Looking into my fridge, this week’s case is a trio of lighter beers from the Church Brew Works. The CBW helped start the Pittsburgh beer renaissance and along with the Penn Brewery offers some of the most enjoyable and atmospheric pairings of food and house-brwed beer available in any city. I am not sure when they started offering their beer for wider consumption but this was the first sampler that I have seen from them.
Going from the lightest to darkest, I didn’t have much chance to sample the Celestial Gold German-style pilsner because my wife kept getting to it first. The beer pours like sunshine in a glass, clear pale gold with an enthusiastic head, and the taste doesn’t disappoint. Carbonation offers a peppy mouthfeel that balances the subtle grassy notes and a faintly toasted malt. This would make a great Hoegaarten replacement if you do a lot of hot patio dining but don’t like wheat beer.

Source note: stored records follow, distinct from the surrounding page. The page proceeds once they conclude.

text \<open>Y is (a version of) the Wiener integral \<open>\<integral>_0^t h(s) dW_s\<close> of h in L2([0,t]):
  the L2(M)-limit of the integrals of step functions converging to h in L2([0,t]).\<close>
definition wiener_int :: "'a measure \<Rightarrow> (real \<Rightarrow> 'a \<Rightarrow> real) \<Rightarrow> real \<Rightarrow> (real \<Rightarrow> real) \<Rightarrow> ('a \<Rightarrow> real) \<Rightarrow> bool" where
  "wiener_int M W t h Y \<longleftrightarrow>
     in_L2 t h \<and> Y \<in> borel_measurable M \<and> integrable M (\<lambda>\<omega>. (Y \<omega>)\<^sup>2) \<and>
     (\<exists>ps :: nat \<Rightarrow> (real \<times> real \<times> real) list.
        (\<forall>n. \<forall>(a,b,c)\<in>set (ps n). 0 \<le> a \<and> a \<le> b \<and> b \<le> t) \<and>
        ((\<lambda>n. LINT s:{0..t}|lborel. (step_fun (ps n) s - h s)\<^sup>2) \<longlonglongrightarrow> 0) \<and>
        ((\<lambda>n. LINT \<omega>|M. (step_int W (ps n) \<omega> - Y \<omega>)\<^sup>2) \<longlonglongrightarrow> 0))"

definition is_Wtilde :: "'a measure \<Rightarrow> (real \<Rightarrow> 'a \<Rightarrow> real) \<Rightarrow> real \<Rightarrow> (real \<Rightarrow> real \<Rightarrow> real) \<Rightarrow> (real \<Rightarrow> 'a \<Rightarrow> real) \<Rightarrow> bool" where
  "is_Wtilde M W T \<kappa> Wt \<longleftrightarrow>
     (\<lambda>p. Wt (fst p) (snd p)) \<in> borel_measurable (lborel \<Otimes>\<^sub>M M) \<and>
     (\<forall>t\<in>{0..T}. wiener_int M W t (\<kappa> t) (Wt t))"

definition init_cond :: "'a measure \<Rightarrow> ('a \<Rightarrow> real) \<Rightarrow> (real \<Rightarrow> 'a \<Rightarrow> real) \<Rightarrow> real measure \<Rightarrow> bool" where
  "init_cond M X0 W \<mu>0 \<longleftrightarrow>
     X0 \<in> borel_measurable M \<and> distr M borel X0 = \<mu>0 \<and>
     prob_space.indep_set M
       (sigma_sets (space M) {X0 -` B \<inter> space M | B. B \<in> sets borel})
       (sigma_sets (space M) {W t -` B \<inter> space M | t B. 0 \<le> t \<and> B \<in> sets borel})"

definition is_solution ::
  "'a measure \<Rightarrow> real \<Rightarrow> real set \<Rightarrow> (real \<Rightarrow> real) \<Rightarrow> real \<Rightarrow> (real \<Rightarrow> real) \<Rightarrow>
   ('a \<Rightarrow> real) \<Rightarrow> (real \<Rightarrow> 'a \<Rightarrow> real) \<Rightarrow> (real \<Rightarrow> 'a \<Rightarrow> real) \<Rightarrow> (real \<Rightarrow> real \<Rightarrow> real) \<Rightarrow>
   (real \<Rightarrow> 'a \<Rightarrow> real) \<Rightarrow> bool" where
  "is_solution M T D g J m X0 W Wt H X \<longleftrightarrow>
     (\<forall>t\<in>{0..T}. X t \<in> borel_measurable M) \<and>
     (AE \<omega> in M. \<forall>t\<in>{0..T}.
        X t \<omega> \<in> D \<and>
        set_integrable lborel {0..t} (\<lambda>s. g (X s \<omega>)) \<and>
        set_integrable lborel {0..t} (\<lambda>s. Wt s \<omega>) \<and>
        set_integrable lborel {0..t} (\<lambda>s. LINT u:{0..s}|lborel. H s u * Wt u \<omega>) \<and>
        (\<forall>s\<in>{0..t}. set_integrable lborel {0..s} (\<lambda>u. H s u * Wt u \<omega>)) \<and>
        X t \<omega> = X0 \<omega> + (LINT s:{0..t}|lborel. g (X s \<omega>)) + J * (LINT s:{0..t}|lborel. m s)
                 + W t \<omega> + (LINT s:{0..t}|lborel. Wt s \<omega>)
                 + (LINT s:{0..t}|lborel. LINT u:{0..s}|lborel. H s u * Wt u \<omega>))"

The Pipe Organ Pale Ale filled in the designated role of the variety pack’s weak link. The carbonation, signaled by a fading head and bland mouthfeel, seemed unusually low and the weak hops definitely runs contrary to the escalating hoppy arms race that is consuming American ale makers these days. In fact, let me just hijack this review of a not-very-interesting beer and recommend strongly that you go read that link. Now you won’t feel like a complete n00b when your local brewpub unveils its shiny new Organoleptic Hops Transducer. No that name is not a joke, at least not mine. The general idea is that if you need more hops to reach your beer nirvana you can ask your bartender to pressure it through an industrial-grade water filter packed with a pound of fresh hops. Completely insane? Maybe, but it could do wonders for mild ales like the Pipe Organ.
Back to my CBW sampler case, the sublime Pious Monk Dunkel brought me back to happyland with aggressive hymns of toasted malt, phenolics and a hint of caramel. I admit that the dunkel style, which is basically a lager incorporating toasted malt, was new to me. Kostritzer introduced me to schwazbier, which you get when you toast dunkel malt to its rational limit, but rather than pitch black the dunkel pours a clear mahogany with a finer-grained head that lasted longer than the other two offerings from CBW. This brew more than made up for the limp pale ale. I enjoyed it with several dinners and found it to go perfectly well with each.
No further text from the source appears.